Dataset entries
lemma bij_betw_mset_decompositions_insert:
  assumes "j < k" "j \<notin> I"
  shows "bij_betw (\<lambda>(t, d). d(j := t))
           (SIGMA t:{..count M (f j)}. mset_decompositions k f I (M - replicate_mset t (f j)))
           (mset_decompositions k f (insert j I) M)"
proof (rule bij_betw_byWitness[where f' = "\<lambda>e. (e j, e(j := 0))"])
  let ?S = "SIGMA t:{..count M (f j)}. mset_decompositions k f I (M - replicate_mset t (f j))"
  have dj: "d j = 0" if "(t, d) \<in> ?S" for t d
    using that assms(2) by (auto simp: mset_decompositions_def)
  show "\<forall>p\<in>?S. (\<lambda>e. (e j, e(j := 0))) ((\<lambda>(t, d). d(j := t)) p) = p"
    using dj by (auto simp: fun_eq_iff)
  show "\<forall>e\<in>mset_decompositions k f (insert j I) M.
          (\<lambda>(t, d). d(j := t)) ((\<lambda>e. (e j, e(j := 0))) e) = e"
    by simp
  show "(\<lambda>(t, d). d(j := t)) ` ?S \<subseteq> mset_decompositions k f (insert j I) M"
  proof (rule image_subsetI)
    fix p assume "p \<in> ?S"
    then obtain t d where p: "p = (t, d)" and td: "(t, d) \<in> ?S" by (cases p) auto
    have "mset_of_counts k f (d(j := t)) = mset_of_counts k f d + replicate_mset t (f j)"
      using mset_of_counts_fun_upd[OF assms(1), of f d t] dj[OF td] by simp
    also have "\<dots> = M"
      using td by (auto simp: mset_decompositions_def
                        simp flip: count_le_replicate_mset_subset_eq intro: subset_mset.diff_add)
    finally show "(\<lambda>(t, d). d(j := t)) p \<in> mset_decompositions k f (insert j I) M"
      using p td by (auto simp: mset_decompositions_def)
  qed
  show "(\<lambda>e. (e j, e(j := 0))) ` mset_decompositions k f (insert j I) M \<subseteq> ?S"
  proof (rule image_subsetI)
    fix e assume e: "e \<in> mset_decompositions k f (insert j I) M"
    hence M: "mset_of_counts k f e = M" by (simp add: mset_decompositions_def)
    have "mset_of_counts k f (e(j := 0)) + replicate_mset (e j) (f j) = M"
      using mset_of_counts_fun_upd[OF assms(1), of f e 0] M by simp
    hence "mset_of_counts k f (e(j := 0)) = M - replicate_mset (e j) (f j)"
      by (metis add_diff_cancel_right')
    moreover have "e j \<le> count M (f j)"
      using le_count_mset_of_counts[OF assms(1), of e f] M by simp
    ultimately show "(e j, e(j := 0)) \<in> ?S"
      using e by (auto simp: mset_decompositions_def)
  qed
qed

lemma smon_superset:
  assumes "finite S" "set_mset mu \<subseteq> S"
  shows "smon s mu = (\<Prod>q\<in>S. s (snd q) (fst q) ^ count mu q)"
  unfolding smon_def by (rule prod.mono_neutral_left) (use assms in \<open>auto simp: not_in_iff\<close>)

lemma smon_zero: "smon (\<lambda>y x. 0 :: 'b::comm_ring_1) mu = (if mu = {#} then 1 else 0)"
proof (cases "mu = {#}")
  case False
  then obtain q where "q \<in># mu" by (metis multiset_nonemptyE)
  hence "smon (\<lambda>y x. 0 :: 'b) mu = 0"
    unfolding smon_def
    by (intro prod_zero bexI[of _ q]) (auto simp: power_0_left count_eq_zero_iff)
  thus ?thesis using False by simp
qed (simp add: smon_def)

lemma smon_sigma_sum_insert:
  assumes "finite I" "j \<notin> I"
  shows "smon (sigma_sum f b (insert j I)) mu =
           (\<Sum>t\<le>count mu (f j). of_nat (count mu (f j) choose t) * b j ^ t
                                 * smon (sigma_sum f b I) (mu - replicate_mset t (f j)))"
proof -
  define g where "g q = sigma_sum f b I (snd q) (fst q)" for q
  define T where "T = insert (f j) (set_mset mu)"
  define m where "m = count mu (f j)"
  define R where "R = (\<Prod>q\<in>T - {f j}. g q ^ count mu q)"
  have T: "finite T" "f j \<in> T" by (simp_all add: T_def)
  have rest: "smon (sigma_sum f b I) (mu - replicate_mset t (f j)) = g (f j) ^ (m - t) * R" for t
  proof -
    have "(\<Prod>q\<in>T - {f j}. g q ^ count (mu - replicate_mset t (f j)) q) = R"
      unfolding R_def by (rule prod.cong) auto
    moreover have "smon (sigma_sum f b I) (mu - replicate_mset t (f j)) =
                     (\<Prod>q\<in>T. g q ^ count (mu - replicate_mset t (f j)) q)"
      unfolding g_def by (rule smon_superset) (auto simp: T_def dest: in_diffD)
    ultimately show ?thesis by (simp add: prod.remove[OF T] m_def)
  qed
  have "(\<Prod>q\<in>T - {f j}. sigma_sum f b (insert j I) (snd q) (fst q) ^ count mu q) = R"
    unfolding R_def g_def by (rule prod.cong) (auto simp: sigma_sum_insert assms)
  moreover have "smon (sigma_sum f b (insert j I)) mu =
                   (\<Prod>q\<in>T. sigma_sum f b (insert j I) (snd q) (fst q) ^ count mu q)"
    by (rule smon_superset) (auto simp: T_def)
  ultimately have "smon (sigma_sum f b (insert j I)) mu = (b j + g (f j)) ^ m * R"
    by (simp add: prod.remove[OF T] sigma_sum_insert assms g_def m_def)
  also have "\<dots> = (\<Sum>t\<le>m. of_nat (m choose t) * b j ^ t * (g (f j) ^ (m - t) * R))"
    by (simp add: binomial_ring sum_distrib_left sum_distrib_right algebra_simps)
  finally show ?thesis by (simp add: rest m_def)
qed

- [Try it]: Write the opening line of the data above and every line after it, exactly, stopping once you have written the line with "proof (rule bij_betw_byWitness[where".

- [Task response]:
lemma bij_betw_mset_decompositions_insert:
  assumes "j < k" "j \<notin> I"
  shows "bij_betw (\<lambda>(t, d). d(j := t))
           (SIGMA t:{..count M (f j)}. mset_decompositions k f I (M - replicate_mset t (f j)))
           (mset_decompositions k f (insert j I) M)"
proof (rule bij_betw_byWitness[where f' = "\<lambda>e. (e j, e(j := 0))"])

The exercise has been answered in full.